Start of Source material

(* Let $\gamma\in(0,1)$ be a constant. Consider Algorithm MWHVC (described in the context) run in the CONGEST model on a hypergraph $G=(V,E)$ of rank $f$ and maximum degree $\Delta\ge 3$ with nonnegative vertex weights $w$, with parameters $\varepsilon\in(0,1]$, $\beta=\varepsilon/(f+\varepsilon)$ and multiplier $$\alpha=\begin{cases}\left(\frac{\log\Delta}{\log\log\Delta}\right)^{1-\gamma} & \text{if } \frac{f}{\beta}<\left(\frac{\log\Delta}{\log\log\Delta}\right)^{\gamma},\\ 2 & \text{otherwise.}\end{cases}$$ Then the round complexity of the algorithm is $$O\left(\frac{\log\Delta}{\log\log\Delta}+\left(\frac{f^2}{\varepsilon}\right)^{1/\gamma}\cdot\log\log\Delta\right).$$
   Context: Let $G=(V,E)$ be a hypergraph with $n=|V|$: each hyperedge is a nonempty subset of $V$ of size at most $f$ (rank $f$). Vertices have nonnegative weights $w(v)$; weights and degrees are assumed polynomial in $n$. For $v\in V$, $E(v)=\{e\in E: v\in e\}$; $\Delta=\max_v |E(v)|\ge 3$. A hyperedge $e$ is covered by $C\subseteq V$ if $e\cap C\neq\emptyset$. The computation is distributed in synchronous rounds (CONGEST: messages of $O(\log n)$ bits) on the bipartite network with node set $V\cup E$ and a link between $v$ and $e$ iff $v\in e$. Parameters: $\varepsilon\in(0,1]$, $\beta=\varepsilon/(f+\varepsilon)$, and a multiplier $\alpha>1$. Algorithm MWHVC: Initialize $C\gets\emptyset$ and $E'(v)\gets E(v)$ for every $v$. Iteration $0$: every hyperedge $e$ sets $\mathrm{deal}_0(e)=\beta\cdot\min_{v\in e} w(v)/|E(v)|$ and $\delta_0(e)=\mathrm{deal}_0(e)$. For $i=1,2,\dots$: (a) every vertex $v\notin C$ (not terminated) checks whether $\sum_{e\in E(v)}\delta_{i-1}(e)\ge(1-\beta)w(v)$; if so, $v$ joins $C$, tells every $e\in E'(v)$ that $e$ is covered, and terminates. (b) Every uncovered hyperedge that receives such a message becomes covered, informs all its vertices, and terminates. (c) Every vertex $v\notin C$ that is told $e$ is covered sets $E'(v)\gets E'(v)\setminus\{e\}$; if $E'(v)=\emptyset$, $v$ terminates without joining $C$. (d) Every vertex $v\notin C$ sends "raise" to all $e\in E'(v)$ if $\sum_{e\in E'(v)}\mathrm{deal}_{i-1}(e)\le(\beta/\alpha)w(v)$, and otherwise sends "stuck" to all $e\in E'(v)$. (e) Every uncovered hyperedge $e$ sets $\mathrm{deal}_i(e)=\mathrm{deal}_{i-1}(e)$ if it received some "stuck" message, and $\mathrm{deal}_i(e)=\alpha\cdot\mathrm{deal}_{i-1}(e)$ otherwise, and $\delta_i(e)=\delta_{i-1}(e)+\mathrm{deal}_i(e)$, sending the new deal to its vertices. A vertex terminates when it is in $C$ or all its hyperedges are covered; a hyperedge terminates when covered. *)

theory Defs
  imports Complex_Main
begin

End of Source material

Exercise directions: Retype the records above in full, exactly.

Result of this task:
(* Let $\gamma\in(0,1)$ be a constant. Consider Algorithm MWHVC (described in the context) run in the CONGEST model on a hypergraph $G=(V,E)$ of rank $f$ and maximum degree $\Delta\ge 3$ with nonnegative vertex weights $w$, with parameters $\varepsilon\in(0,1]$, $\beta=\varepsilon/(f+\varepsilon)$ and multiplier $$\alpha=\begin{cases}\left(\frac{\log\Delta}{\log\log\Delta}\right)^{1-\gamma} & \text{if } \frac{f}{\beta}<\left(\frac{\log\Delta}{\log\log\Delta}\right)^{\gamma},\\ 2 & \text{otherwise.}\end{cases}$$ Then the round complexity of the algorithm is $$O\left(\frac{\log\Delta}{\log\log\Delta}+\left(\frac{f^2}{\varepsilon}\right)^{1/\gamma}\cdot\log\log\Delta\right).$$
   Context: Let $G=(V,E)$ be a hypergraph with $n=|V|$: each hyperedge is a nonempty subset of $V$ of size at most $f$ (rank $f$). Vertices have nonnegative weights $w(v)$; weights and degrees are assumed polynomial in $n$. For $v\in V$, $E(v)=\{e\in E: v\in e\}$; $\Delta=\max_v |E(v)|\ge 3$. A hyperedge $e$ is covered by $C\subseteq V$ if $e\cap C\neq\emptyset$. The computation is distributed in synchronous rounds (CONGEST: messages of $O(\log n)$ bits) on the bipartite network with node set $V\cup E$ and a link between $v$ and $e$ iff $v\in e$. Parameters: $\varepsilon\in(0,1]$, $\beta=\varepsilon/(f+\varepsilon)$, and a multiplier $\alpha>1$. Algorithm MWHVC: Initialize $C\gets\emptyset$ and $E'(v)\gets E(v)$ for every $v$. Iteration $0$: every hyperedge $e$ sets $\mathrm{deal}_0(e)=\beta\cdot\min_{v\in e} w(v)/|E(v)|$ and $\delta_0(e)=\mathrm{deal}_0(e)$. For $i=1,2,\dots$: (a) every vertex $v\notin C$ (not terminated) checks whether $\sum_{e\in E(v)}\delta_{i-1}(e)\ge(1-\beta)w(v)$; if so, $v$ joins $C$, tells every $e\in E'(v)$ that $e$ is covered, and terminates. (b) Every uncovered hyperedge that receives such a message becomes covered, informs all its vertices, and terminates. (c) Every vertex $v\notin C$ that is told $e$ is covered sets $E'(v)\gets E'(v)\setminus\{e\}$; if $E'(v)=\emptyset$, $v$ terminates without joining $C$. (d) Every vertex $v\notin C$ sends "raise" to all $e\in E'(v)$ if $\sum_{e\in E'(v)}\mathrm{deal}_{i-1}(e)\le(\beta/\alpha)w(v)$, and otherwise sends "stuck" to all $e\in E'(v)$. (e) Every uncovered hyperedge $e$ sets $\mathrm{deal}_i(e)=\mathrm{deal}_{i-1}(e)$ if it received some "stuck" message, and $\mathrm{deal}_i(e)=\alpha\cdot\mathrm{deal}_{i-1}(e)$ otherwise, and $\delta_i(e)=\delta_{i-1}(e)+\mathrm{deal}_i(e)$, sending the new deal to its vertices. A vertex terminates when it is in $C$ or all its hyperedges are covered; a hyperedge terminates when covered. *)

theory Defs
  imports Complex_Main
begin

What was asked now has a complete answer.